OpenWings OpenData on Amazon Web Services

The OpenWings Project is a scientific research project having the goal of inferring a time-calibrated phylogeny for all of the world's ~10,000 bird species (class Aves). To generate this phylogeny, we have collected DNA sequence data from genomic libraries that have been enriched for a class of genomic markers known as ultra-conserved elements or UCEs. The enrichment process effectively increases the concentration of UCE loci relative to the rest of the genome, and we sequence the enriched product. More details on the UCE enrichment process can be found in this publication.

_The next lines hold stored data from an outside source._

theorem lemma5:
  fixes J :: "'n::finite \<Rightarrow> 'u set"
    and g :: "'n \<Rightarrow> 'u \<Rightarrow> real"
    and \<sigma>2 :: real
    and x :: "'n \<Rightarrow> real"
    and r :: "'n \<Rightarrow> 'u \<Rightarrow> real"
  assumes J_fin: "\<And>i. finite (J i)"
    and J_ne: "\<And>i. J i \<noteq> {}"
    and J_disj: "\<And>i i'. i \<noteq> i' \<Longrightarrow> J i \<inter> J i' = {}"
    and g_pos: "\<And>k j. g k j > 0"
    and \<sigma>_pos: "\<sigma>2 > 0"
    and x_pos: "\<And>i. x i > 0"
    and r_pos: "\<And>i j. j \<in> J i \<Longrightarrow> r i j > 0"
  shows "standard_interference (h_fun J g \<sigma>2 x r)"
proof -
  interpret network g \<sigma>2 x using g_pos \<sigma>_pos x_pos by unfold_locales
  have eq: "load_equation (J i) (\<lambda>j. r i j / x i)" for i
    using J_fin J_ne r_pos x_pos by unfold_locales auto
  have h_pos: "0 < h_fun J g \<sigma>2 x r p i" if "nonneg_vec p" for p i
    unfolding h_fun_eq_load_root using load_equation.load_root(1)[OF eq] sinr_gain_pos[OF that] .
  have mono: "h_fun J g \<sigma>2 x r p' i \<le> h_fun J g \<sigma>2 x r p i"
    if "nonneg_vec p" "nonneg_vec p'" "\<forall>k. p' k \<le> p k" for p p' i
    unfolding h_fun_eq_load_root using that sinr_gain_pos sinr_gain_antimono
    by (intro load_equation.load_root_antimono[OF eq]) simp
  have scal: "h_fun J g \<sigma>2 x r (\<lambda>k. \<alpha> * p k) i < \<alpha> * h_fun J g \<sigma>2 x r p i"
    if p: "nonneg_vec p" and \<alpha>: "1 < \<alpha>" for p \<alpha> i
  proof -
    let ?c = "\<lambda>j. r i j / x i" and ?p\<alpha> = "\<lambda>k. \<alpha> * p k"
    have "nonneg_vec ?p\<alpha>" using p \<alpha> unfolding nonneg_vec_def by simp
    then have "h_fun J g \<sigma>2 x r ?p\<alpha> i / \<alpha>
        = load_root (J i) ?c (\<lambda>j. \<alpha> * sinr_gain g \<sigma>2 x ?p\<alpha> i j)"
      unfolding h_fun_eq_load_root using sinr_gain_pos \<alpha>
      by (subst load_equation.load_root_scale[OF eq]) simp_all
    also have "\<dots> < h_fun J g \<sigma>2 x r p i"
      unfolding h_fun_eq_load_root using sinr_gain_pos[OF p] sinr_gain_scale_less[OF p \<alpha>]
      by (intro load_equation.load_root_strict_antimono[OF eq]) simp
    finally show ?thesis using \<alpha> by (simp add: pos_divide_less_eq mult.commute)
  qed
  show ?thesis
    unfolding standard_interference_def by (intro conjI allI impI) (use h_pos mono scal in auto)
qed

end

The set of 4,434 loci targeted for this project (5Kv2A and 5Kv2B) are a slightly modified subset of UCE loci commonly used in other studies of birds (e.g. Oliveros et al. 2018). More information on the target enrichment baits used for this study can be found in the OpenWings Bait repository.

About the data

We are providing the "raw" reads that we have generated from genomic libraries enriched for UCE loci. It is important to note that these data HAVE NOT been rigorously quality controlled. The taxonomy of the individuals sequenced also HAS NOT been verified or standardized. Those processes are ongoing.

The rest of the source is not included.